Nobody Wants To Grieve, But That's The Price We Pay For Love

Grief never comes when you think it should. It comes when a certain song comes on or the sun shines through the window just right.

Nobody Wants To Grieve, But That's The Price We Pay For Love

Death always seems to come when life is good and everything starts to be going alright. And then out of nowhere, you're reminded of how cruel life can be. The stages of grief don't always go in order, they come in waves or all at once. Grief never comes when you think it should. It comes when a certain song comes on or the sun shines through the window just right. I take comfort in the fact that everyone experiences grief, even when you feel all alone knowing that everyone goes through a process that helps a little bit.

1. Denial

It doesn't seem real. Thinking that you'll never see that person again, never hear their voice or feel their touch again. It doesn't seem possible that one minute they're here and the next they cease to be. I've found that this stage remains ever-present no matter how much time has passed. And feeling like they could appear at any time and everything would be fine once again remains too.

2. Anger

Once the loss finally sinks in the resentment sets in. Analyzing all the precious moments that lead up to the event, thinking about how things could be different and why they're not.

3. Bargaining

Goes hand in hand with anger, thinking about how things could've and should've been different. Believing that there might be something you could do if only you could will it into existence.

4. Depression

Comes when realizing that the person is never coming back and finding their presence in everything. This is the long-lasting stage, the one that holds on and makes you feel everything like pins in your skin.

5. Acceptance

The hardest stage to come to. It's greeted many times but turned away. Somehow it feels like you're letting go of the person when you accept they're gone. But once you do, you realize that they're actually with you no matter where you go. That's an uplifting feeling.

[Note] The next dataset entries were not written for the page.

lemma cring_PS3: "cring (PS3 :: 'k::comm_ring_1 ps3 ring)"
proof (rule cringI)
  show "abelian_group (PS3 :: 'k ps3 ring)"
  proof (rule abelian_groupI)
    fix x :: "'k ps3"
    show "\<exists>y\<in>carrier PS3. y \<oplus>\<^bsub>PS3\<^esub> x = \<zero>\<^bsub>PS3\<^esub>"
      by (rule bexI[of _ "\<lambda>m. - x m"]) (auto simp: PS3_def)
  qed (auto simp: PS3_def add.assoc add.commute)
  show "Group.comm_monoid (PS3 :: 'k ps3 ring)"
    by (rule comm_monoidI; simp add: PS3_def fps_of_ps3_inject[symmetric, of "ps3_mult _ _"]
        fps_of_ps3_mult fps_of_ps3_one mult_ac)
  show "(x \<oplus>\<^bsub>PS3\<^esub> y) \<otimes>\<^bsub>PS3\<^esub> z = x \<otimes>\<^bsub>PS3\<^esub> z \<oplus>\<^bsub>PS3\<^esub> y \<otimes>\<^bsub>PS3\<^esub> z"
    for x y z :: "'k ps3"
    by (simp add: PS3_def fps_of_ps3_inject[symmetric] fps_of_ps3_mult fps_of_ps3_add
        distrib_right)
qed

section \<open>Partial derivatives and Poisson brackets\<close>

definition fps_map_coeffs :: "('a::zero \<Rightarrow> 'a) \<Rightarrow> 'a fps \<Rightarrow> 'a fps" where
  "fps_map_coeffs D F = Abs_fps (\<lambda>n. D (F $ n))"

lemma fps_map_coeffs_nth [simp]: "fps_map_coeffs D F $ n = D (F $ n)"
  by (simp add: fps_map_coeffs_def)

definition is_derivation :: "('a::comm_ring_1 \<Rightarrow> 'a) \<Rightarrow> bool" where
  "is_derivation D \<longleftrightarrow> (\<forall>a b. D (a + b) = D a + D b) \<and> (\<forall>a b. D (a * b) = D a * b + a * D b)"

context
  fixes D :: "'a::comm_ring_1 \<Rightarrow> 'a"
  assumes D: "is_derivation D"
begin

lemma derivation_add: "D (a + b) = D a + D b"
  using D by (simp add: is_derivation_def)

lemma derivation_mult: "D (a * b) = D a * b + a * D b"
  using D by (simp add: is_derivation_def)

lemma derivation_zero: "D 0 = 0"
  using derivation_add[of 0 0] by simp

lemma derivation_one: "D 1 = 0"
  using derivation_mult[of 1 1] by simp

lemma derivation_uminus: "D (- a) = - D a"
  using derivation_add[of a "- a"] by (simp add: derivation_zero eq_neg_iff_add_eq_0 add.commute)

lemma derivation_diff: "D (a - b) = D a - D b"
  using derivation_add[of a "- b"] by (simp add: derivation_uminus)

lemma derivation_sum: "D (sum f S) = (\<Sum>x\<in>S. D (f x))"
  by (induction S rule: infinite_finite_induct) (simp_all add: derivation_zero derivation_add)

lemma is_derivation_fps_map_coeffs: "is_derivation (fps_map_coeffs D)"
  unfolding is_derivation_def
  by (auto intro!: fps_ext simp: fps_mult_nth derivation_add derivation_sum derivation_mult
      sum.distrib)

lemma fps_map_coeffs_const: "fps_map_coeffs D (fps_const c) = fps_const (D c)"
  by (rule fps_ext) (simp add: derivation_zero)

lemma fps_map_coeffs_X: "fps_map_coeffs D fps_X = 0"
  by (rule fps_ext) (simp add: derivation_zero derivation_one)

end

definition wedge :: "('a::comm_ring_1 \<Rightarrow> 'a) \<Rightarrow> ('a \<Rightarrow> 'a) \<Rightarrow> 'a \<Rightarrow> 'a \<Rightarrow> 'a" where
  "wedge D E F G = D F * E G - E F * D G"

lemma wedge_antisym: "wedge D E G F = - wedge D E F G"
  by (simp add: wedge_def)

lemma wedge_add_right:
  assumes "is_derivation D" "is_derivation E"
  shows "wedge D E F (G + H) = wedge D E F G + wedge D E F H"
  by (simp add: wedge_def derivation_add[OF assms(1)] derivation_add[OF assms(2)] algebra_simps)

lemma wedge_mult_right:
  assumes "is_derivation D" "is_derivation E"
  shows "wedge D E F (G * H) = G * wedge D E F H + H * wedge D E F G"
  by (simp add: wedge_def derivation_mult[OF assms(1)] derivation_mult[OF assms(2)] algebra_simps)
(* Let $X_{1j},\dots,X_{nj}$ be i.i.d. copies of $X_j$, let $\mathbb P_n\pi(X_j)\pi(X_j)^T=n^{-1}\sum_{i=1}^n\pi(X_{ij})\pi(X_{ij})^T$ and $D_j=\mathbb P_n\pi(X_j)\pi(X_j)^T-E\,\pi(X_j)\pi(X_j)^T$. Suppose there are positive constants $b_2,b_3$ such that $\lambda_{\max}(E\,\pi(X_j)\pi(X_j)^T)\le b_2N^{-1}$ for all $j$ and $E(B_m^2(X_{ij}))\le b_3N^{-1}$ for all $1\le m\le N$, $i$, $j$. Then: (1) there exists a positive constant $c_4$ such that for all $n$ sufficiently large $$P\big(\lambda_{\max}(\mathbb P_n\pi(X_j)\pi(X_j)^T)\ge(b_2+1)N^{-1}\big)\le2N^2\exp(-c_4nN^{-3});$$ (2) for any $c_5>0$ there exists a positive constant $c_6$ such that for all $n$ sufficiently large $$P\big(\max(|\lambda_{\max}(D_j)|,|\lambda_{\min}(D_j)|)\ge c_5N^{-1}n^{-\tau}\big)\le2N^2\exp(-c_6N^{-3}n^{1-2\tau}).$$
   Context: $X_j$ is a random variable with values in $[0,1]$. $\pi(t)=(B_1(t),\dots,B_N(t))^T$ is the vector of $N=k+l$ normalized $B$-spline basis functions of order $l+1$ with knots $0=s_0<\dots<s_k=1$, with $\sup_t|B_m(t)|\le1$; $N$ may depend on $n$. $\tau\ge0$ is a fixed constant. $\lambda_{\max}$ and $\lambda_{\min}$ denote largest and smallest eigenvalues. *)

theory Defs
  imports "HOL-Probability.Probability" "Jordan_Normal_Form.Char_Poly"
begin

(* Extended knot vector for B-splines of order l+1 with knots 0 = s_0 < ... < s_k = 1:
   t_0 = ... = t_l = 0,  t_{l+i} = s_i (0 <= i <= k),  t_{k+l} = ... = t_{k+2l} = 1. *)
definition ext_knot :: "nat \<Rightarrow> nat \<Rightarrow> (nat \<Rightarrow> real) \<Rightarrow> nat \<Rightarrow> real" where
  "ext_knot l k s i = (if i \<le> l then 0 else if i \<le> l + k then s (i - l) else 1)"

(* Normalized B-splines via the Cox--de Boor recursion (0/0 = 0 convention);
   bspl t r i = B_{i,r}, the i-th B-spline of order r for knot vector t.
   Order-1 splines are indicators of [t_i, t_{i+1}), with the last nonempty
   interval closed at the right end point 1 of the domain [0,1]. *)
fun bspl :: "(nat \<Rightarrow> real) \<Rightarrow> nat \<Rightarrow> nat \<Rightarrow> real \<Rightarrow> real" where
  "bspl t 0 i x = 0"
| "bspl t (Suc 0) i x =
     (if (t i \<le> x \<and> x < t (Suc i)) \<or> (x = 1 \<and> t i < 1 \<and> t (Suc i) = 1) then 1 else 0)"
| "bspl t (Suc (Suc r)) i x =
     (x - t i) / (t (i + Suc r) - t i) * bspl t (Suc r) i x
   + (t (i + Suc (Suc r)) - x) / (t (i + Suc (Suc r)) - t (Suc i)) * bspl t (Suc r) (Suc i) x"

(* B_m(x), m = 0..N-1, N = k + l: normalized B-spline basis of order l+1 *)
definition Bspline :: "nat \<Rightarrow> nat \<Rightarrow> (nat \<Rightarrow> real) \<Rightarrow> nat \<Rightarrow> real \<Rightarrow> real" where
  "Bspline l k s m x = bspl (ext_knot l k s) (Suc l) m x"

definition lam_max :: "real mat \<Rightarrow> real" where
  "lam_max A = Max {e. eigenvalue A e}"

definition lam_min :: "real mat \<Rightarrow> real" where
  "lam_min A = Min {e. eigenvalue A e}"

end

(* Let D be the difference between the empirical and the population Gram matrix of the basis.
   Each entry of D is the centred mean of n i.i.d. variables bounded by 4^l whose second moment
   is O(1/N), so Bernstein's inequality gives P(|D_ab| >= u) <= 2 exp(-n min(u^2 N, u) / C), and a
   union bound over the N^2 entries controls the largest entry. A symmetric matrix whose entries
   are below u has all eigenvalues below N u in modulus (Rayleigh quotient and Cauchy-Schwarz),
   and likewise lam_max(E + D) < lam_max(E) + N u. The choices u = 1/N^2 and
   u = c5 n^-tau / N^2 turn the Bernstein exponent into the rates n N^-3 and N^-3 n^(1-2 tau). *)

theory Submission
  imports Defs "Jordan_Normal_Form.Spectral_Radius"
begin

unbundle no inner_syntax and no vec_syntax

section \<open>Extremal eigenvalues of symmetric real matrices\<close>

definition quad_form :: "(nat \<Rightarrow> nat \<Rightarrow> real) \<Rightarrow> nat \<Rightarrow> (nat \<Rightarrow> real) \<Rightarrow> real" where
  "quad_form A d y = (\<Sum>i<d. \<Sum>j<d. A i j * y i * y j)"

lemma quad_form_diff: "quad_form (\<lambda>i j. A i j - B i j) d y = quad_form A d y - quad_form B d y"
  unfolding quad_form_def by (simp add: algebra_simps sum_subtractf)

lemma quad_form_scale: "quad_form A d (\<lambda>i. c * y i) = c\<^sup>2 * quad_form A d y"
  unfolding quad_form_def by (simp add: sum_distrib_left algebra_simps power2_eq_square)

lemma quad_form_add_basis:
  assumes "k < d" and sym: "\<And>i j. i < d \<Longrightarrow> j < d \<Longrightarrow> A i j = A j i"
  shows "quad_form A d (\<lambda>i. y i + t * (if i = k then 1 else 0))
    = quad_form A d y + 2 * t * (\<Sum>j<d. A k j * y j) + t\<^sup>2 * A k k"
proof -
  have expand: "A i j * (y i + t * (if i = k then 1 else 0)) * (y j + t * (if j = k then 1 else 0))
     = A i j * y i * y j + t * (if j = k then A i j * y i else 0) + t * (if i = k then A i j * y j else 0)
       + t\<^sup>2 * (if i = k then if j = k then A i j else 0 else 0)" for i j
    by (auto simp: algebra_simps power2_eq_square)
  have column: "(\<Sum>i<d. \<Sum>j<d. if j = k then A i j * y i else 0) = (\<Sum>j<d. A k j * y j)"
    using \<open>k < d\<close> sym by (auto simp: sum.delta intro!: sum.cong)
  have row: "(\<Sum>i<d. \<Sum>j<d. if i = k then A i j * y j else 0) = (\<Sum>j<d. A k j * y j)"
    using \<open>k < d\<close> by (subst sum.swap) (simp add: sum.delta)
  have diagonal: "(\<Sum>i<d. \<Sum>j<d. if i = k then if j = k then A i j else 0 else 0) = A k k"
    using \<open>k < d\<close> by (subst sum.swap) (simp add: sum.delta)
  show ?thesis
    unfolding quad_form_def expand
    by (simp only: sum.distrib sum_distrib_left[symmetric] column row diagonal)
qed

lemma quad_form_attains_max_on_sphere:
  assumes "0 < d"
  obtains x where "(\<Sum>i<d. (x i)\<^sup>2) = 1"
    and "\<And>y. (\<Sum>i<d. (y i)\<^sup>2) = 1 \<Longrightarrow> quad_form A d y \<le> quad_form A d x"
proof -
  define box where "box = (\<Pi>\<^sub>E i\<in>UNIV. if i < d then {-1..1::real} else {0})"
  define S where "S = box \<inter> {x. (\<Sum>i<d. (x i)\<^sup>2) = 1}"
  have "compactin (product_topology (\<lambda>i. euclidean) UNIV) box"
    unfolding box_def by (subst compactin_PiE) auto
  then have "compact box"
    by (simp add: euclidean_product_topology)
  moreover have "closed {x::nat \<Rightarrow> real. (\<Sum>i<d. (x i)\<^sup>2) = 1}"
    by (intro closed_Collect_eq continuous_intros continuous_on_product_then_coordinatewise
        continuous_on_id)
  ultimately have "compact S"
    unfolding S_def by blast
  have truncation_in_S: "(\<lambda>i. if i < d then y i else 0) \<in> S" if y: "(\<Sum>i<d. (y i)\<^sup>2) = 1" for y
  proof -
    have "\<bar>y i\<bar> \<le> 1" if "i < d" for i
    proof -
      have "(y i)\<^sup>2 \<le> (\<Sum>i<d. (y i)\<^sup>2)"
        using that by (intro member_le_sum) auto
      then show ?thesis
        using y by (simp add: abs_square_le_1)
    qed
    moreover have "(\<Sum>i<d. (if i < d then y i else 0)\<^sup>2) = 1"
      using y by simp
    ultimately show ?thesis
      by (auto simp: S_def box_def PiE_iff abs_le_iff)
  qed
  have "(\<Sum>i<d. (if i = 0 then 1 else 0::real)\<^sup>2) = (\<Sum>i<d. if i = 0 then 1 else 0)"
    by (intro sum.cong) auto
  then have "S \<noteq> {}"
    using truncation_in_S[of "\<lambda>i. if i = 0 then 1 else 0"] \<open>0 < d\<close> by auto
  moreover have "continuous_on S (quad_form A d)"
    unfolding quad_form_def
    by (intro continuous_intros continuous_on_product_then_coordinatewise continuous_on_id)
  ultimately obtain x where "x \<in> S" and x_max: "\<And>y. y \<in> S \<Longrightarrow> quad_form A d y \<le> quad_form A d x"
    using continuous_attains_sup[OF \<open>compact S\<close>] by blast
  have truncation_eq: "quad_form A d (\<lambda>i. if i < d then y i else 0) = quad_form A d y" for y
    unfolding quad_form_def by (intro sum.cong) auto
  show thesis
  proof (rule that)
    show "(\<Sum>i<d. (x i)\<^sup>2) = 1"
      using \<open>x \<in> S\<close> by (simp add: S_def)
    show "quad_form A d y \<le> quad_form A d x" if "(\<Sum>i<d. (y i)\<^sup>2) = 1" for y
      using x_max[OF truncation_in_S[OF that]] by (simp only: truncation_eq)
  qed
qed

What I've come to understand about death is that it's always shocking and breath-taking. The unsettling feeling lasts for so much longer than you think it ever should. With every death you experience you find yourself more humble with the gift of life than you thought you could. You normally only remember the good times and are grateful for the times you got to share,

But it never gets any easier. Years down the road it will still bring you to your knees on the day they died and something feeling off at every major event. It doesn't get easier, but you learn an appreciation for this intently brutal life. How fast it goes and how much it means.